lemma H_cycle_iff_cycle_of_list:
  "H_cycle V E M cs \<longleftrightarrow>
     cs \<noteq> [] \<and> distinct cs \<and> set cs \<subseteq> V \<and> (\<forall>u\<in>set cs. H_edge V E M u (cycle_of_list cs u))"
proof -
  have "(\<forall>i<length cs. H_edge V E M (cs ! i) (cs ! ((i + 1) mod length cs)))
      \<longleftrightarrow> (\<forall>u\<in>set cs. H_edge V E M u (cycle_of_list cs u))" if "distinct cs"
    using that by (simp add: all_set_conv_all_nth cycle_of_list_nth)
  then show ?thesis unfolding H_cycle_def by blast
qed

lemma cycle_weight_eq_sum:
  assumes "distinct cs"
  shows "cycle_weight col M cs = (\<Sum>u\<in>set cs. H_weight col M u (cycle_of_list cs u))"
proof -
  have "(\<Sum>u\<in>set cs. h u) = (\<Sum>i<length cs. h (cs ! i))" for h :: "'a \<Rightarrow> nat"
    using assms by (simp add: sum_list_distinct_conv_sum_set[symmetric] sum_list_sum_nth atLeast0LessThan)
  then show ?thesis
    unfolding cycle_weight_def using assms by (simp add: cycle_of_list_nth)
qed

definition rematch :: "'a set set \<Rightarrow> 'a set \<Rightarrow> ('a \<Rightarrow> 'a) \<Rightarrow> 'a set set" where
  "rematch M A \<sigma> = (\<lambda>u. {partner M u, \<sigma> u}) ` A"

locale bipartite_matched_graph = matched_graph +
  fixes A :: "'a set"
  assumes side_subset: "A \<subseteq> V"
    and edge_crosses: "e \<in> E \<Longrightarrow> \<exists>a b. a \<in> A \<and> b \<in> V - A \<and> e = {a, b}"
begin

lemma finite_side: "finite A"
  using finite_V side_subset finite_subset by blast

lemma other_side: "bipartite_matched_graph V E M (V - A)"
proof unfold_locales
  fix e assume "e \<in> E"
  then obtain a b where "a \<in> A" "b \<in> V - A" "e = {a, b}" using edge_crosses by blast
  then show "\<exists>a b. a \<in> V - A \<and> b \<in> V - (V - A) \<and> e = {a, b}"
    using side_subset by (auto simp: insert_commute)
qed simp

lemma edge_side: "{x, y} \<in> E \<Longrightarrow> x \<in> A \<longleftrightarrow> y \<notin> A"
  using edge_crosses[of "{x, y}"] by (auto simp: doubleton_eq_iff)

lemma partner_side: "u \<in> V \<Longrightarrow> partner M u \<in> A \<longleftrightarrow> u \<notin> A"
  using edge_side partner_mem matching_subset by blast

lemma H_edge_side: "H_edge V E M u v \<Longrightarrow> u \<in> A \<longleftrightarrow> v \<in> A"
  unfolding H_edge_def using edge_side matching_subset by blast

lemma rematch_id: "rematch M A id = M"
proof
  show "rematch M A id \<subseteq> M"
  proof
    fix e assume "e \<in> rematch M A id"
    then obtain u where "u \<in> A" "e = {partner M u, u}" unfolding rematch_def by auto
    then show "e \<in> M" using partner_mem side_subset by (auto simp: insert_commute)
  qed
next
  show "M \<subseteq> rematch M A id"
  proof
    fix e assume e: "e \<in> M"
    then obtain a b where ab: "a \<in> A" "b \<in> V - A" "e = {a, b}"
      using edge_crosses matching_subset by blast
    have "partner M b \<in> A" using partner_side ab(2) by blast
    moreover have "e = {partner M (partner M b), id (partner M b)}"
      using matching_edge_eq[OF e, of b] ab partner_partner by (simp add: insert_commute)
    ultimately show "e \<in> rematch M A id" unfolding rematch_def by (rule rev_image_eqI)
  qed
qed

lemma inj_on_rematch_edge:
  assumes "\<sigma> permutes A"
  shows "inj_on (\<lambda>u. {partner M u, \<sigma> u}) A"
proof
  fix u v assume uv: "u \<in> A" "v \<in> A" "{partner M u, \<sigma> u} = {partner M v, \<sigma> v}"
  have "\<sigma> v \<in> A" using permutes_in_image[OF assms] uv(2) by simp
  moreover have "partner M u \<notin> A" using partner_side side_subset uv(1) by auto
  ultimately have "partner M u \<noteq> \<sigma> v" by auto
  then have "partner M u = partner M v" using uv(3) by (auto simp: doubleton_eq_iff)
  then have "partner M (partner M u) = partner M (partner M v)" by simp
  moreover have "u \<in> V" "v \<in> V" using side_subset uv(1,2) by auto
  ultimately show "u = v" using partner_partner by metis
qed

lemma red_count_rematch:
  assumes "\<sigma> permutes A"
  shows "red_count col (rematch M A \<sigma>) = card {u\<in>A. col {partner M u, \<sigma> u} = Red}"
  unfolding red_count_def rematch_def
  using card_filter_image[OF inj_on_rematch_edge[OF assms], of "\<lambda>e. col e = Red"] by simp

lemma odd_red_count_rematch_iff:
  assumes "\<sigma> permutes A"
  shows "odd (red_count col M + red_count col (rematch M A \<sigma>)) \<longleftrightarrow>
         odd (\<Sum>u\<in>A. H_weight col M u (\<sigma> u))"
proof -
  have "odd (\<Sum>u\<in>A. H_weight col M u (\<sigma> u)) \<longleftrightarrow>
      odd (card {u\<in>A. col {partner M u, id u} = Red} + card {u\<in>A. col {partner M u, \<sigma> u} = Red})"
    unfolding H_weight_eq
    using odd_mismatch_count_iff[OF finite_side, of "\<lambda>u. col {partner M u, u}" "\<lambda>u. col {partner M u, \<sigma> u}"]
    by (simp add: insert_commute)
  also have "\<dots> \<longleftrightarrow> odd (red_count col (rematch M A id) + red_count col (rematch M A \<sigma>))"
    using red_count_rematch[OF permutes_id] red_count_rematch[OF assms] by simp
  finally show ?thesis unfolding rematch_id by simp
qed

lemma perfect_matching_rematch:
  assumes perm: "\<sigma> permutes A" and edges: "rematch M A \<sigma> \<subseteq> E"
  shows "perfect_matching V E (rematch M A \<sigma>)"
  unfolding perfect_matching_def
proof (intro conjI ballI impI)
  show "rematch M A \<sigma> \<subseteq> E" by (fact edges)
next
  have sides: "partner M w \<notin> A" "\<sigma> w \<in> A" if "w \<in> A" for w
    using that partner_side side_subset permutes_in_image[OF perm] by auto
  fix e e' assume e: "e \<in> rematch M A \<sigma>" and e': "e' \<in> rematch M A \<sigma>" and "e \<noteq> e'"
  obtain u where u: "u \<in> A" "e = {partner M u, \<sigma> u}" using e unfolding rematch_def by auto
  obtain v where v: "v \<in> A" "e' = {partner M v, \<sigma> v}" using e' unfolding rematch_def by auto
  have "u \<noteq> v" using u v \<open>e \<noteq> e'\<close> by auto
  moreover have "u \<in> V" "v \<in> V" using u(1) v(1) side_subset by auto
  ultimately have "partner M u \<noteq> partner M v" using partner_partner by metis
  moreover have "\<sigma> u \<noteq> \<sigma> v" using \<open>u \<noteq> v\<close> permutes_inj[OF perm] by (auto dest: injD)
  moreover have "partner M u \<noteq> \<sigma> v" "\<sigma> u \<noteq> partner M v" using sides u(1) v(1) by metis+
  ultimately show "e \<inter> e' = {}" using u(2) v(2) by auto
next
  show "\<Union> (rematch M A \<sigma>) = V"
  proof
    show "\<Union> (rematch M A \<sigma>) \<subseteq> V"
      unfolding rematch_def using partner_in_V side_subset permutes_in_image[OF perm] by auto
  next
    show "V \<subseteq> \<Union> (rematch M A \<sigma>)"
    proof
      fix v assume v: "v \<in> V"
      show "v \<in> \<Union> (rematch M A \<sigma>)"
      proof (cases "v \<in> A")
        case True
        then have "inv \<sigma> v \<in> A" "v \<in> {partner M (inv \<sigma> v), \<sigma> (inv \<sigma> v)}"
          using permutes_in_image[OF permutes_inv[OF perm]] permutes_inverses(1)[OF perm] by auto
        then show ?thesis unfolding rematch_def by blast
      next
        case False
        then have "partner M v \<in> A" "v \<in> {partner M (partner M v), \<sigma> (partner M v)}"
          using v partner_side partner_partner by auto
        then show ?thesis unfolding rematch_def by blast
      qed
    qed
  qed
qed

lemma partner_comp_permutes:
  assumes "perfect_matching V E M'"
  shows "(\<lambda>u. if u \<in> A then partner M' (partner M u) else u) permutes A" (is "?\<sigma> permutes A")
proof (rule bij_imp_permutes)
  interpret M': bipartite_matched_graph V E M' A
    by unfold_locales (use simple assms side_subset edge_crosses in auto)
  have across: "partner M u \<in> V - A" "partner M' u \<in> V - A"
    "partner M (partner M' u) \<in> A" "partner M' (partner M u) \<in> A" if "u \<in> A" for u
    using that side_subset partner_side partner_in_V M'.partner_side M'.partner_in_V by auto
  show "bij_betw ?\<sigma> A A"
  proof (rule bij_betw_byWitness[where f' = "\<lambda>v. partner M (partner M' v)"])
    show "\<forall>u\<in>A. partner M (partner M' (?\<sigma> u)) = u" "\<forall>v\<in>A. ?\<sigma> (partner M (partner M' v)) = v"
      using across side_subset by (auto simp: partner_partner M'.partner_partner)
  qed (use across in auto)
qed simp

lemma perfect_matching_is_rematch:
  assumes "perfect_matching V E M'"
  obtains \<sigma> where "\<sigma> permutes A" "M' = rematch M A \<sigma>"
proof -
  interpret M': bipartite_matched_graph V E M' A
    by unfold_locales (use simple assms side_subset edge_crosses in auto)
  define \<sigma> where "\<sigma> u = (if u \<in> A then partner M' (partner M u) else u)" for u
  have "M' = rematch M A \<sigma>"
  proof
    show "M' \<subseteq> rematch M A \<sigma>"
    proof
      fix e assume e: "e \<in> M'"
      then obtain a b where ab: "a \<in> A" "b \<in> V - A" "e = {a, b}"
        using edge_crosses M'.matching_subset by blast
      then have "e = {b, partner M' b}" using M'.matching_edge_eq[OF e, of b] by simp
      moreover have "partner M b \<in> A" "\<sigma> (partner M b) = partner M' b"
        using ab(2) partner_side partner_partner by (auto simp: \<sigma>_def)
      ultimately show "e \<in> rematch M A \<sigma>"
        unfolding rematch_def using ab(2) partner_partner by (auto intro!: rev_image_eqI)
    qed
  next
    show "rematch M A \<sigma> \<subseteq> M'"
      unfolding rematch_def \<sigma>_def using side_subset partner_side partner_in_V M'.partner_mem by auto
  qed
  moreover have "\<sigma> permutes A" unfolding \<sigma>_def using assms by (rule partner_comp_permutes)
  ultimately show thesis using that by blast
qed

# WORK INSTRUCTIONS
After locating the line that holds "(partner M' (?\<sigma>", print it and each line after it through the end of the data, exactly as it stands.

# RESPONSE BELOW
    show "\<forall>u\<in>A. partner M (partner M' (?\<sigma> u)) = u" "\<forall>v\<in>A. ?\<sigma> (partner M (partner M' v)) = v"
      using across side_subset by (auto simp: partner_partner M'.partner_partner)
  qed (use across in auto)
qed simp

lemma perfect_matching_is_rematch:
  assumes "perfect_matching V E M'"
  obtains \<sigma> where "\<sigma> permutes A" "M' = rematch M A \<sigma>"
proof -
  interpret M': bipartite_matched_graph V E M' A
    by unfold_locales (use simple assms side_subset edge_crosses in auto)
  define \<sigma> where "\<sigma> u = (if u \<in> A then partner M' (partner M u) else u)" for u
  have "M' = rematch M A \<sigma>"
  proof
    show "M' \<subseteq> rematch M A \<sigma>"
    proof
      fix e assume e: "e \<in> M'"
      then obtain a b where ab: "a \<in> A" "b \<in> V - A" "e = {a, b}"
        using edge_crosses M'.matching_subset by blast
      then have "e = {b, partner M' b}" using M'.matching_edge_eq[OF e, of b] by simp
      moreover have "partner M b \<in> A" "\<sigma> (partner M b) = partner M' b"
        using ab(2) partner_side partner_partner by (auto simp: \<sigma>_def)
      ultimately show "e \<in> rematch M A \<sigma>"
        unfolding rematch_def using ab(2) partner_partner by (auto intro!: rev_image_eqI)
    qed
  next
    show "rematch M A \<sigma> \<subseteq> M'"
      unfolding rematch_def \<sigma>_def using side_subset partner_side partner_in_V M'.partner_mem by auto
  qed
  moreover have "\<sigma> permutes A" unfolding \<sigma>_def using assms by (rule partner_comp_permutes)
  ultimately show thesis using that by blast
qed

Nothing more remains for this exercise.